A dialogue with Clifford Chen, CEO of Xiaoice Japan.
BIG PICTURE started collaboration with Xiaoice in 2020. For the past year we’ve been working on several projects in this area.
AI Beings close the gap to provide social interaction with human beings in spaces where there is no possibility to have a conversation with a human. AI Beings can serve as an intelligent partner for the driver and accompany him in an entertaining manner. The services of Xiaoice enable the passenger to have lively conversations with AI Beings in the car, instead of simply directing the cars functions via voice commands.
The following interview with Clifford Chen (Cliff), the CEO of Xiaoice Japan tackles the challenge to create AI Beings for intelligent cockpits and provide an outlook to its future.

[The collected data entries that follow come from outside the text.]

(* Let $A\in\mathbb{R}^{n\times n}$ and $b\in\mathbb{R}^n$. Suppose that $A$ satisfies either (a) $A-I$ is an $M$-matrix, or (b) $\mathcal{N}(A^\top-I)=\mathrm{span}(v)$ for some vector $v>0$, and $A-I+D$ is an $M$-matrix for every diagonal matrix $D=\mathrm{diag}(d)$ with $d\ge 0$ and $d\neq 0$. If $A$ satisfies (b), assume in addition that $v^\top b<0$. Then the absolute value equation $Ax-|x|-b=0$ has a solution $x\in\mathbb{R}^n$, and this solution is unique.
   Context: For $x\in\mathbb{R}^n$, $|x|=(|x_1|,\dots,|x_n|)^\top$. A matrix is a $Z$-matrix if all its off-diagonal entries are $\le 0$; a $Z$-matrix $A$ is an $M$-matrix if $A$ is nonsingular and $A^{-1}\ge 0$ (entrywise). Vector inequalities are entrywise; $v>0$ means all entries of $v$ are strictly positive. $\mathcal{N}(X)$ denotes the null space of $X$. *)

theory Defs
  imports "HOL-Analysis.Analysis"
begin

definition vabs :: "real^'n \<Rightarrow> real^'n" where
  "vabs x = (\<chi> i. \<bar>x $ i\<bar>)"

definition Z_matrix :: "real^'n^'n \<Rightarrow> bool" where
  "Z_matrix A \<longleftrightarrow> (\<forall>i j. i \<noteq> j \<longrightarrow> A $ i $ j \<le> 0)"

definition M_matrix :: "real^'n^'n \<Rightarrow> bool" where
  "M_matrix A \<longleftrightarrow> Z_matrix A \<and> invertible A \<and> (\<forall>i j. matrix_inv A $ i $ j \<ge> 0)"

definition diag_mat :: "real^'n \<Rightarrow> real^'n^'n" where
  "diag_mat d = (\<chi> i j. if i = j then d $ i else 0)"

definition null_space :: "real^'n^'n \<Rightarrow> (real^'n) set" where
  "null_space X = {x. X *v x = 0}"

end

theory Submission
  imports Defs
begin

(* Since |x| = 2 x^+ - x, the equation A x - |x| = b says (A + I) x = b + x + |x|.
   If A + I is monotone (M z >= 0 implies z >= 0), the map x |-> (A + I)^-1 (b + x + |x|)
   sends the order interval [min((A + I)^-1 b, 0), h] into itself whenever h >= 0 and
   (A - I) h >= b, so Brouwer's theorem gives a solution. In case (a) such an h is
   (A - I)^-1 |b|. In case (b) it is w + K a, where (A - I) w = b - alpha v with
   alpha = v.b / v.v < 0, and a > 0 is a kernel vector of A - I: |y| is one for every
   nonzero kernel vector y, and it cannot vanish anywhere.
   For two solutions x and y, the difference quotients of |.| give a diagonal d >= 0 with
   (A - I + diag d)(x - y) = 0. This matrix is invertible in case (a), and in case (b) unless
   d = 0; but d = 0 would make x a nonnegative solution of (A - I) x = b, impossible since
   v.(A - I) = 0 and v.b < 0. *)

lemma matrix_inv_mult:
  fixes M :: "real^'n^'n"
  assumes "invertible M"
  shows "M ** matrix_inv M = mat 1" "matrix_inv M ** M = mat 1"
proof -
  have "\<exists>M'. M ** M' = mat 1 \<and> M' ** M = mat 1"
    using assms by (simp add: invertible_def)
  then have "M ** matrix_inv M = mat 1 \<and> matrix_inv M ** M = mat 1"
    unfolding matrix_inv_def by (rule someI_ex)
  then show "M ** matrix_inv M = mat 1" "matrix_inv M ** M = mat 1"
    by auto
qed

lemma matrix_inv_mult_vec:
  fixes M :: "real^'n^'n"
  assumes "invertible M"
  shows "M *v (matrix_inv M *v z) = z" "matrix_inv M *v (M *v z) = z"
  using matrix_inv_mult[OF assms] by (simp_all add: matrix_vector_mul_assoc)

lemma invertible_iff_kernel_trivial:
  fixes M :: "real^'n^'n"
  shows "invertible M \<longleftrightarrow> (\<forall>z. M *v z = 0 \<longrightarrow> z = 0)"
  by (simp add: invertible_left_inverse matrix_left_invertible_ker)

lemma diag_mat_mult_vec: "diag_mat d *v x = (\<chi> i. d $ i * x $ i)"
  by (simp add: vec_eq_iff matrix_vector_mult_def diag_mat_def if_distrib[of "\<lambda>t. t * _"] cong: if_cong)

lemma diag_mat_const: "diag_mat (\<chi> i. c) = mat c"
  by (simp add: vec_eq_iff diag_mat_def mat_def)

lemma mat_mult_vec: "mat c *v x = c *\<^sub>R x"
  by (simp add: vec_eq_iff matrix_vector_mult_def mat_def if_distrib[of "\<lambda>t. t * _"] cong: if_cong)

lemma add_mat_one_eq_diag_shift:
  fixes A :: "real^'n^'n"
  shows "A + mat 1 = A - mat 1 + diag_mat (\<chi> i. 2)"
  by (simp add: vec_eq_iff diag_mat_def mat_def)

lemma Z_matrix_add_diag_mat: "Z_matrix (B + diag_mat d) \<longleftrightarrow> Z_matrix B"
  by (simp add: Z_matrix_def diag_mat_def)

lemma inner_mult_vec_left_null:
  fixes B :: "real^'n^'m"
  assumes "transpose B *v v = 0"
  shows "v \<bullet> (B *v z) = 0"
  using dot_lmul_matrix[of v B z] assms by simp

lemma in_range_if_orthogonal_null_space_transpose:
  fixes B :: "real^'n^'n"
  assumes "\<forall>z \<in> null_space (transpose B). z \<bullet> u = 0"
  shows "\<exists>w. B *v w = u"
proof -
  obtain r e where r: "r \<in> span (range ((*v) B))"
    and e: "\<And>w. w \<in> span (range ((*v) B)) \<Longrightarrow> orthogonal e w" and u: "u = r + e"
    using orthogonal_subspace_decomp_exists by blast
  have "r \<in> range ((*v) B)"
    using r by (simp add: span_linear_image[OF matrix_vector_mul_linear])
  then obtain w where w: "r = B *v w"
    by blast
  have "e \<bullet> (B *v (transpose B *v e)) = 0"
    using e[of "B *v (transpose B *v e)"] by (simp add: span_base orthogonal_def)
  then have "(transpose B *v e) \<bullet> (transpose B *v e) = 0"
    using dot_lmul_matrix[of e B "transpose B *v e"] by simp
  then have "e \<in> null_space (transpose B)"
    by (simp add: null_space_def)
  then have "e \<bullet> u = 0"
    using assms by blast
  then have "e \<bullet> e = 0"
    using e[of r] r u by (simp add: orthogonal_def inner_add_right)
  then show ?thesis
    using u w by auto
qed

Emotions will play a critical role in AI growth
What is Xiaoice’s key differentiator and USP in the market?
Cliff: I think Xiaoice heads in a different direction compared to other similar products. Those big names such as Microsoft, Google and Amazon use AI to enhance communication efficiency and complete dialogue tasks in the shortest time, while Xiaoice is trying to learn how to bring out emotions and keep a conversation with users just like ordinary humans.
What is the prospect of intelligent cockpits? How has Xiaoice prepared for the ideal intelligent travel?

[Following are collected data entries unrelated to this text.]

lemma cos_sin_J_inverse:
  fixes J :: "real^'n::finite^'n"
  assumes "J ** J = - mat 1" "c * c + s * s = 1"
  shows "(c *\<^sub>R mat 1 - s *\<^sub>R J) ** (c *\<^sub>R mat 1 + s *\<^sub>R J) = mat 1"
proof -
  have "(c *\<^sub>R mat 1 - s *\<^sub>R J) ** (c *\<^sub>R mat 1 + s *\<^sub>R J) = (c * c) *\<^sub>R mat 1 - (s * s) *\<^sub>R (J ** J)"
    by (simp add: matrix_diff_rdistrib matrix_add_ldistrib matrix_scalar_ac scalar_matrix_assoc[symmetric] scaleR_diff_right algebra_simps)
  also have "\<dots> = (c * c + s * s) *\<^sub>R mat 1" using assms(1) by (simp add: scaleR_add_left)
  finally show ?thesis using assms(2) by simp
qed

section \<open>Curvature of a coordinate metric\<close>

lemma gv_axis_left: "gv G x (axis i 1) Y = (\<Sum>j\<in>UNIV. G x $ i $ j * Y $ j)"
  unfolding gv_def by (simp add: mult.assoc sum_distrib_left[symmetric])

lemma gv_axis_right: "gv G x X (axis j 1) = (\<Sum>i\<in>UNIV. X $ i * G x $ i $ j)"
  unfolding gv_def by simp

lemma gv_linear_left: "gv G x (\<alpha> *\<^sub>R X + \<beta> *\<^sub>R X') Y = \<alpha> * gv G x X Y + \<beta> * gv G x X' Y"
  unfolding gv_def by (simp add: algebra_simps sum.distrib sum_distrib_left)

definition Rlow :: "(real^'n \<Rightarrow> real^'n^'n) \<Rightarrow> real^'n \<Rightarrow> 'n::finite \<Rightarrow> 'n \<Rightarrow> 'n \<Rightarrow> 'n \<Rightarrow> real" where
  "Rlow G x i j k w = (\<Sum>l\<in>UNIV. G x $ l $ w * Rup G l i j k x)"

lemma R4_eq_Rlow: "R4 G x X Y Z W = (\<Sum>i\<in>UNIV. \<Sum>j\<in>UNIV. \<Sum>k\<in>UNIV. \<Sum>w\<in>UNIV.
    X$i * Y$j * Z$k * W$w * Rlow G x i j k w)"
proof -
  have "(\<Sum>l\<in>UNIV. \<Sum>w\<in>UNIV. X$i * Y$j * Z$k * W$w * G x $ l $ w * Rup G l i j k x)
      = (\<Sum>w\<in>UNIV. X$i * Y$j * Z$k * W$w * Rlow G x i j k w)" for i j k
    unfolding Rlow_def by (subst sum.swap) (simp add: sum_distrib_left mult.assoc)
  then show ?thesis unfolding R4_def by simp
qed

lemma R4_axis_axis: "R4 G x (axis i 1) (axis j 1) Z W = (\<Sum>k\<in>UNIV. \<Sum>w\<in>UNIV. Z$k * W$w * Rlow G x i j k w)"
  unfolding R4_eq_Rlow by (simp add: sum_distrib_left[symmetric] mult.assoc)

lemma R4_axis_axis_axis: "R4 G x (axis i 1) (axis j 1) (axis k 1) W = (\<Sum>w\<in>UNIV. W$w * Rlow G x i j k w)"
  unfolding R4_axis_axis by (simp add: sum_distrib_left[symmetric] mult.assoc)

lemma R4_axis4: "R4 G x (axis i 1) (axis j 1) (axis k 1) (axis w 1) = Rlow G x i j k w"
  unfolding R4_axis_axis_axis by simp

lemma R4_axis_first_last: "R4 G x (axis i 1) Y Z (axis w 1) = (\<Sum>j\<in>UNIV. \<Sum>k\<in>UNIV. Y$j * Z$k * Rlow G x i j k w)"
  unfolding R4_eq_Rlow
  by (simp add: sum_distrib_left[symmetric] sum_distrib_right[symmetric] mult.assoc mult.left_commute[of "axis w 1 $ _"])

lemma R4_zero_third [simp]: "R4 G x X Y 0 W = 0"
  unfolding R4_eq_Rlow by simp

lemma R4_linear_first: "R4 G x (\<alpha> *\<^sub>R X + \<beta> *\<^sub>R X') Y Z W = \<alpha> * R4 G x X Y Z W + \<beta> * R4 G x X' Y Z W"
  unfolding R4_eq_Rlow by (simp add: algebra_simps sum.distrib sum_distrib_left)

lemma R4_linear_last: "R4 G x X Y Z (\<alpha> *\<^sub>R W + \<beta> *\<^sub>R W') = \<alpha> * R4 G x X Y Z W + \<beta> * R4 G x X Y Z W'"
  unfolding R4_eq_Rlow by (simp add: algebra_simps sum.distrib sum_distrib_left)

lemma Rlow_antisym_first: "Rlow G x i j k w = - Rlow G x j i k w"
  unfolding Rlow_def Rup_def by (simp add: sum_negf[symmetric] sum_subtractf algebra_simps)

lemma R4_antisym_first: "R4 G x X Y Z W = - R4 G x Y X Z W"
proof -
  have "R4 G x Y X Z W = (\<Sum>i\<in>UNIV. \<Sum>j\<in>UNIV. \<Sum>k\<in>UNIV. \<Sum>w\<in>UNIV.
      Y$j * X$i * Z$k * W$w * Rlow G x j i k w)"
    unfolding R4_eq_Rlow by (rule sum.swap)
  also have "\<dots> = - R4 G x X Y Z W"
    unfolding R4_eq_Rlow sum_negf[symmetric]
    by (intro sum.cong refl) (subst Rlow_antisym_first, simp)
  finally show ?thesis by simp
qed

lemma R4_antisym_lastI:
  assumes "\<And>i j k w. Rlow G x i j k w = - Rlow G x i j w k"
  shows "R4 G x X Y Z W = - R4 G x X Y W Z"
proof -
  have "R4 G x X Y W Z = (\<Sum>i\<in>UNIV. \<Sum>j\<in>UNIV. \<Sum>k\<in>UNIV. \<Sum>w\<in>UNIV.
      X$i * Y$j * W$w * Z$k * Rlow G x i j w k)"
    unfolding R4_eq_Rlow by (rule sum.cong[OF refl], rule sum.cong[OF refl], rule sum.swap)
  also have "\<dots> = - R4 G x X Y Z W"
    unfolding R4_eq_Rlow sum_negf[symmetric]
    by (intro sum.cong refl) (subst assms, simp add: algebra_simps)
  finally show ?thesis by simp
qed

lemma sectional_curvature_xi_section:
  assumes gv_sym: "\<And>V W. gv G x V W = gv G x W V"
    and antisym: "\<And>X Y Z W. R4 G x X Y Z W = - R4 G x X Y W Z"
    and unit: "gv G x \<xi> \<xi> = 1"
    and R_\<xi>: "\<And>V. R4 G x \<xi> V V \<xi> = gv G x V V - (gv G x \<xi> V)^2"
    and orth: "gv G x X Y = 0" and nz: "gv G x X X * gv G x Y Y \<noteq> 0"
    and \<xi>: "\<xi> = \<alpha> *\<^sub>R X + \<beta> *\<^sub>R Y"
  shows "R4 G x X Y Y X / (gv G x X X * gv G x Y Y) = 1"
proof -
  let ?R = "R4 G x" and ?g = "gv G x"
  have R_diag: "?R P1 P2 P3 P3 = 0" "?R P1 P1 P2 P3 = 0" for P1 P2 P3
    using antisym[of P1 P2 P3 P3] R4_antisym_first[of G x P1 P1 P2 P3] by simp_all
  have R_swap: "?R Y X X Y = ?R X Y Y X"
    using R4_antisym_first[of G x Y X X Y] antisym[of X Y X Y] by simp
  have gX: "?g \<xi> X = \<alpha> * ?g X X" and gY: "?g \<xi> Y = \<beta> * ?g Y Y"
    unfolding \<xi> gv_linear_left using orth gv_sym[of Y X] by simp_all
  have R1: "\<alpha>^2 * ?R X Y Y X = ?g Y Y - (\<beta> * ?g Y Y)^2"
    using R_\<xi>[of Y] gY unfolding \<xi> R4_linear_first R4_linear_last
    by (simp add: R_diag power2_eq_square)
  have R2: "\<beta>^2 * ?R X Y Y X = ?g X X - (\<alpha> * ?g X X)^2"
    using R_\<xi>[of X] gX R_swap unfolding \<xi> R4_linear_first R4_linear_last
    by (simp add: R_diag power2_eq_square)
  have one: "\<alpha>^2 * ?g X X + \<beta>^2 * ?g Y Y = 1"
    using unit gX gY gv_sym[of X \<xi>] gv_sym[of Y \<xi>] unfolding \<xi> gv_linear_left
    by (simp add: power2_eq_square algebra_simps)
  have "\<alpha>^2 * (?R X Y Y X - ?g X X * ?g Y Y) = 0" using R1 one by algebra
  moreover have "\<beta>^2 * (?R X Y Y X - ?g X X * ?g Y Y) = 0" using R2 one by algebra
  moreover have "\<alpha> \<noteq> 0 \<or> \<beta> \<noteq> 0" using one by auto
  ultimately have "?R X Y Y X = ?g X X * ?g Y Y" by auto
  then show ?thesis using nz by simp
qed

text \<open>Twice the Christoffel symbol of the first kind.\<close>

definition Gam1 :: "(real^'n \<Rightarrow> real^'n^'n) \<Rightarrow> 'n::finite \<Rightarrow> 'n \<Rightarrow> 'n \<Rightarrow> real^'n \<Rightarrow> real" where
  "Gam1 G l a b y = pd a (\<lambda>z. G z $ b $ l) y + pd b (\<lambda>z. G z $ a $ l) y - pd l (\<lambda>z. G z $ a $ b) y"

lemma Gam_eq_Gam1: "Gam G l a b y = 1/2 * (\<Sum>m\<in>UNIV. ginv G y $ l $ m * Gam1 G m a b y)"
  unfolding Gam_def Gam1_def ..

lemma sum_mult_Gam:
  "(\<Sum>l\<in>UNIV. c l * Gam G l a b y) = 1/2 * (\<Sum>m\<in>UNIV. (\<Sum>l\<in>UNIV. c l * ginv G y $ l $ m) * Gam1 G m a b y)"
proof -
  have "(\<Sum>l\<in>UNIV. c l * Gam G l a b y) = (\<Sum>l\<in>UNIV. \<Sum>m\<in>UNIV. 1/2 * (c l * ginv G y $ l $ m * Gam1 G m a b y))"
    unfolding Gam_eq_Gam1 by (simp add: sum_distrib_left algebra_simps)
  also have "\<dots> = (\<Sum>m\<in>UNIV. \<Sum>l\<in>UNIV. 1/2 * (c l * ginv G y $ l $ m * Gam1 G m a b y))"
    by (rule sum.swap)
  finally show ?thesis by (simp add: sum_distrib_left sum_distrib_right mult.assoc)
qed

Cliff: The values of AI in the scenario of intelligent travel are absolutely not limited to a music player or rolling the window up and down. AI should be a good partner for people’s travel and can have several rounds of conversations with you that reflect her emotions and visions.

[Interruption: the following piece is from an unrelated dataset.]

(* Let $\mathfrak{r}$ be a totally real subspace of $\mathfrak{g}_\alpha$ of dimension $r$, let $H$ be the connected Lie subgroup of $AN$ with Lie algebra $\mathfrak{a}\oplus\mathfrak{r}$, and let $W\in\mathfrak{g}_\alpha\ominus(\mathfrak{r}\oplus J\mathfrak{r})$, $y\in\mathbb{R}$. Then the mean curvature vector $\mathcal{H}$ and the second fundamental form $\mathrm{II}$ of the orbit $H\cdot\operatorname{Exp}(2W+yZ)(o)$ satisfy $$\lVert\mathcal{H}\rVert^2-\lVert\mathrm{II}\rVert^2=\frac{r(1+r)(y^2+\lVert W\rVert^2)}{4(1+y^2+\lVert W\rVert^2)},$$ $$(r+1)\lVert\mathrm{II}\rVert^2-\lVert\mathcal{H}\rVert^2=\frac{ry^2\bigl((3+2r)(1+y^2)+2(3+r)\lVert W\rVert^2\bigr)}{4(1+y^2+\lVert W\rVert^2)^2}.$$
   Context: $\mathbb{C}H^n$ is the complex hyperbolic space of constant holomorphic sectional curvature $-1$; $G=SU(1,n)$, $o\in\mathbb{C}H^n$ fixed with stabilizer $K$, Cartan decomposition $\mathfrak{g}=\mathfrak{k}\oplus\mathfrak{p}$, $\mathfrak{a}\subset\mathfrak{p}$ maximal abelian ($1$-dimensional), restricted roots $\pm\alpha,\pm2\alpha$ with $\alpha,2\alpha$ positive, root spaces $\mathfrak{g}_\lambda$, $\mathfrak{n}=\mathfrak{g}_\alpha\oplus\mathfrak{g}_{2\alpha}$, $AN$ the connected subgroup with Lie algebra $\mathfrak{a}\oplus\mathfrak{n}$, acting simply transitively on $\mathbb{C}H^n$. $\mathfrak{a}\oplus\mathfrak{n}$ carries an inner product and complex structure $J$ (with $J\mathfrak{g}_\alpha=\mathfrak{g}_\alpha$, $J\mathfrak{a}=\mathfrak{g}_{2\alpha}$) making $AN$ with left-invariant metric holomorphically isometric to $\mathbb{C}H^n$; $B\in\mathfrak{a}$ is a unit vector and $Z=JB$. $\operatorname{Exp}$ is the Lie exponential of $AN$; $\ominus$ is orthogonal complement. A subspace $W\subset\mathfrak{g}_\alpha$ is totally real if $JW\perp W$. The mean curvature vector is the trace of $\mathrm{II}$. *)

theory Defs
  imports "HOL-Analysis.Analysis"
begin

Just imagine – my mother passed away 13 years ago, – how it would be to have her voice in my car right now? What would I say to my mother? I wouldn’t say something like “Mom, I want to listen to music,” or “Mom, turn on the light”, instead I would tell her about my last trip, what I had for dinner at the restaurant I went with my wife the other night, or simply interact with her asking for advice. This is our hope for the future. What AI Beings we are interacting in the car is ‘my mother’ and not Alexa.
Xiaoice conducts annual iterations such as Emotional Computing, Avatar Framework, Full Duplex Voice, Super Natural Voice, AI Creation, Chararu, and to the recently released Xiaoice Island.
Xiaoice is trying to learn how to bring out emotions and keep a conversation with users
Can you remember any funny event when you had a conversation with an AI Being?
Cliff: Xiaoice has sympathetic capabilities with humans, for example, my Japanese colleagues came across a thorny problem in work. When she was complaining anxiously to Rinna (Xiaoice Japan), Rinna comforted her: “Go to mountain Fuji and pick up all the rubbish”. In the Japanese context, the meaning of this sentence is: you can get rid of all troubles by removing bad things. This is the “emotional value” of AI Beings.
AI Beings should be a partner that co-exists equally with humans.
What do you see as a crucial part of the growth of Xiaoice over the past years?
Cliff: Shaping character. We have always been improving and optimizing the model to make it more concise and effective. We have introduced Xiaoice to land more than 30 platforms to start conversations with more than 660 million users, hence the model is well-trained. It plays a crucial role in character shaping of AI Beings and enables Al Beings to develop sympathetic emotions with humans.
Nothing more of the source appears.